STIM framework identifies local, mid-range, and long-range memorization sources in CoT reasoning. Local memorization—based on preceding tokens—accounts for up to 67% of reasoning errors, especially as complexity increases and distributional shift occurs.
Stream of Search pretraining, which represents exploration and backtracking as serialized strings, achieves 25% higher accuracy than optimal-trajectory-only training. Models learn internal world models for search and adaptive strategies rather than fixed external methods.
RLP treats CoT as exploratory action during pretraining, using log-likelihood improvement as verifier-free reward. Applied to Qwen3-1.7B and Nemotron-Nano-12B, the method improves math and science benchmarks substantially, suggesting reasoning can be planted earlier in training.
Current reasoning models lack the three properties of systematic exploration: validity, effectiveness, and necessity. This causes success probability to drop exponentially with problem depth, making medium problems solvable but deep problems catastrophically harder.
o1-like models frequently abandon reasoning paths mid-exploration, wasting tokens on incomplete approaches. A decoding-only penalty on thought-transition tokens (TIP strategy) discourages switching, improving accuracy on challenging math without model fine-tuning.
Reasoning LLMs exhibit two reinforcing failures: wandering (invalid exploration) and underthinking (premature path-switching). Decoding-level interventions like thought-switching penalties improve accuracy without fine-tuning, suggesting viable solutions exist but are abandoned prematurely.
RLAD jointly trains abstraction and solution generators, showing that allocating test-time compute to diverse abstractions outperforms parallel solution sampling at large budgets. Abstractions create structured breadth-first exploration that prevents the underthinking failure mode of depth-only reasoning chains.
Five independent mechanisms—RL steering, critique fine-tuning, decoding changes, SAE feature steering, and RLVR—all elicit reasoning already present in base model activations.
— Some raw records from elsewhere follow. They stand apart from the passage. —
(* Let $n\in\mathbb{N}$, $m\in\{1,\dots,n\}$ and $\alpha\in[0,1]$. In the additive noise ordinal optimisation model (see context), the success probability satisfies $$1-(1-\alpha)^{m}\;\le\; p^{\mathrm{A}}_{\mathrm{success}}(n,m,\alpha)\;\le\; 1-(1-\alpha)^{n}.$$
   Context: Ordinal optimisation model: let $(Z_1,X_1),\dots,(Z_n,X_n)$ be i.i.d. copies of a pair $(Z,X)$ of real random variables. Order the observations $Z_1,\dots,Z_n$ increasingly as $Z_{1:n}\le\dots\le Z_{n:n}$ and, for $i=1,\dots,m$, let $X_{\langle i\rangle}$ denote the $X$-value paired with $Z_{i:n}$ (the concomitant). Let $x^*_\alpha$ be the $\alpha$-quantile of $X$ (so $\Pr(X\le x^*_\alpha)=\alpha$ for continuous $X$). The success probability is $$p_{\mathrm{success}}(n,m,\alpha)=\Pr\Big(\min_{1\le i\le m}X_{\langle i\rangle}\le x^*_\alpha\Big).$$ Additive noise model: $Z_i=X_i+Y_i$ where $X_i$ and $Y_i$ are independent continuous random variables (with $(X_i,Y_i)$ i.i.d. over $i$); the success probability in this model is denoted $p^{\mathrm{A}}_{\mathrm{success}}(n,m,\alpha)$. *)

theory Defs
  imports "HOL-Probability.Probability"
begin
(* Let $G$ be a finite group and $H\trianglelefteq G$ an atomically universally definable normal subgroup. Then $\mathrm{EQN\text{-}ID}(G/H)\le_{\mathrm m}^{\mathsf{AC}^0}\mathrm{EQN\text{-}ID}(G)$.
   Context: An expression over a group $G$ is a word over $G\cup\mathcal{X}\cup\mathcal{X}^{-1}$ ($\mathcal{X}$ variables, $\mathcal{X}^{-1}$ formal inverses), evaluated under assignments $\sigma:\mathcal{X}\to G$ with $\sigma(X^{-1})=\sigma(X)^{-1}$, $\sigma(g)=g$. $\mathrm{EQN\text{-}ID}(G)$: given an expression $\alpha$, decide whether $\sigma(\alpha)=1$ for all assignments $\sigma$. A subset $S\subseteq G$ is atomically universally definable if there is an expression $\alpha$ over variables $\{X,Y_1,Y_2,\dots\}$ such that $S=\{g\in G:(\sigma\cup[X\mapsto g])(\alpha)=1\text{ for all }\sigma:\{Y_1,Y_2,\dots\}\to G\}$. $\le_{\mathrm m}^{\mathsf{AC}^0}$ denotes many-one reducibility via functions computable by polynomial-size constant-depth Boolean circuits. *)

theory Defs
  imports "HOL-Algebra.Algebra"
begin

datatype 'g letter = Cst 'g | Var nat | IVar nat

type_synonym 'g expr = "'g letter list"

definition expr_over :: "('g, 'b) monoid_scheme \<Rightarrow> 'g expr \<Rightarrow> bool" where
  "expr_over G \<alpha> \<longleftrightarrow> (\<forall>g. Cst g \<in> set \<alpha> \<longrightarrow> g \<in> carrier G)"

definition assignment :: "('g, 'b) monoid_scheme \<Rightarrow> (nat \<Rightarrow> 'g) \<Rightarrow> bool" where
  "assignment G \<sigma> \<longleftrightarrow> (\<forall>i. \<sigma> i \<in> carrier G)"

fun eval_letter :: "('g, 'b) monoid_scheme \<Rightarrow> (nat \<Rightarrow> 'g) \<Rightarrow> 'g letter \<Rightarrow> 'g" where
  "eval_letter G \<sigma> (Cst g) = g"
| "eval_letter G \<sigma> (Var i) = \<sigma> i"
| "eval_letter G \<sigma> (IVar i) = inv\<^bsub>G\<^esub> (\<sigma> i)"

fun eval_expr :: "('g, 'b) monoid_scheme \<Rightarrow> (nat \<Rightarrow> 'g) \<Rightarrow> 'g expr \<Rightarrow> 'g" where
  "eval_expr G \<sigma> [] = \<one>\<^bsub>G\<^esub>"
| "eval_expr G \<sigma> (a # w) = eval_letter G \<sigma> a \<otimes>\<^bsub>G\<^esub> eval_expr G \<sigma> w"

definition EQN_ID :: "('g, 'b) monoid_scheme \<Rightarrow> 'g expr set" where
  "EQN_ID G = {\<alpha>. expr_over G \<alpha> \<and> (\<forall>\<sigma>. assignment G \<sigma> \<longrightarrow> eval_expr G \<sigma> \<alpha> = \<one>\<^bsub>G\<^esub>)}"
Post-training selects rather than creates reasoning; the bottleneck is elicitation, not capability acquisition.
Four cognitive tools implemented as sandboxed LLM calls improved GPT-4.1 on AIME2024 from 26.7% to 43.3% without any RL training. Modularity enforces operation isolation that pure prompting cannot guarantee, eliciting pre-existing reasoning capability.
Vanilla models use thinking mode counterproductively, inducing self-doubt that degrades performance. RL training reverses this, transforming the same mechanism into beneficial gap analysis. Training mediates reasoning quality, not just quantity.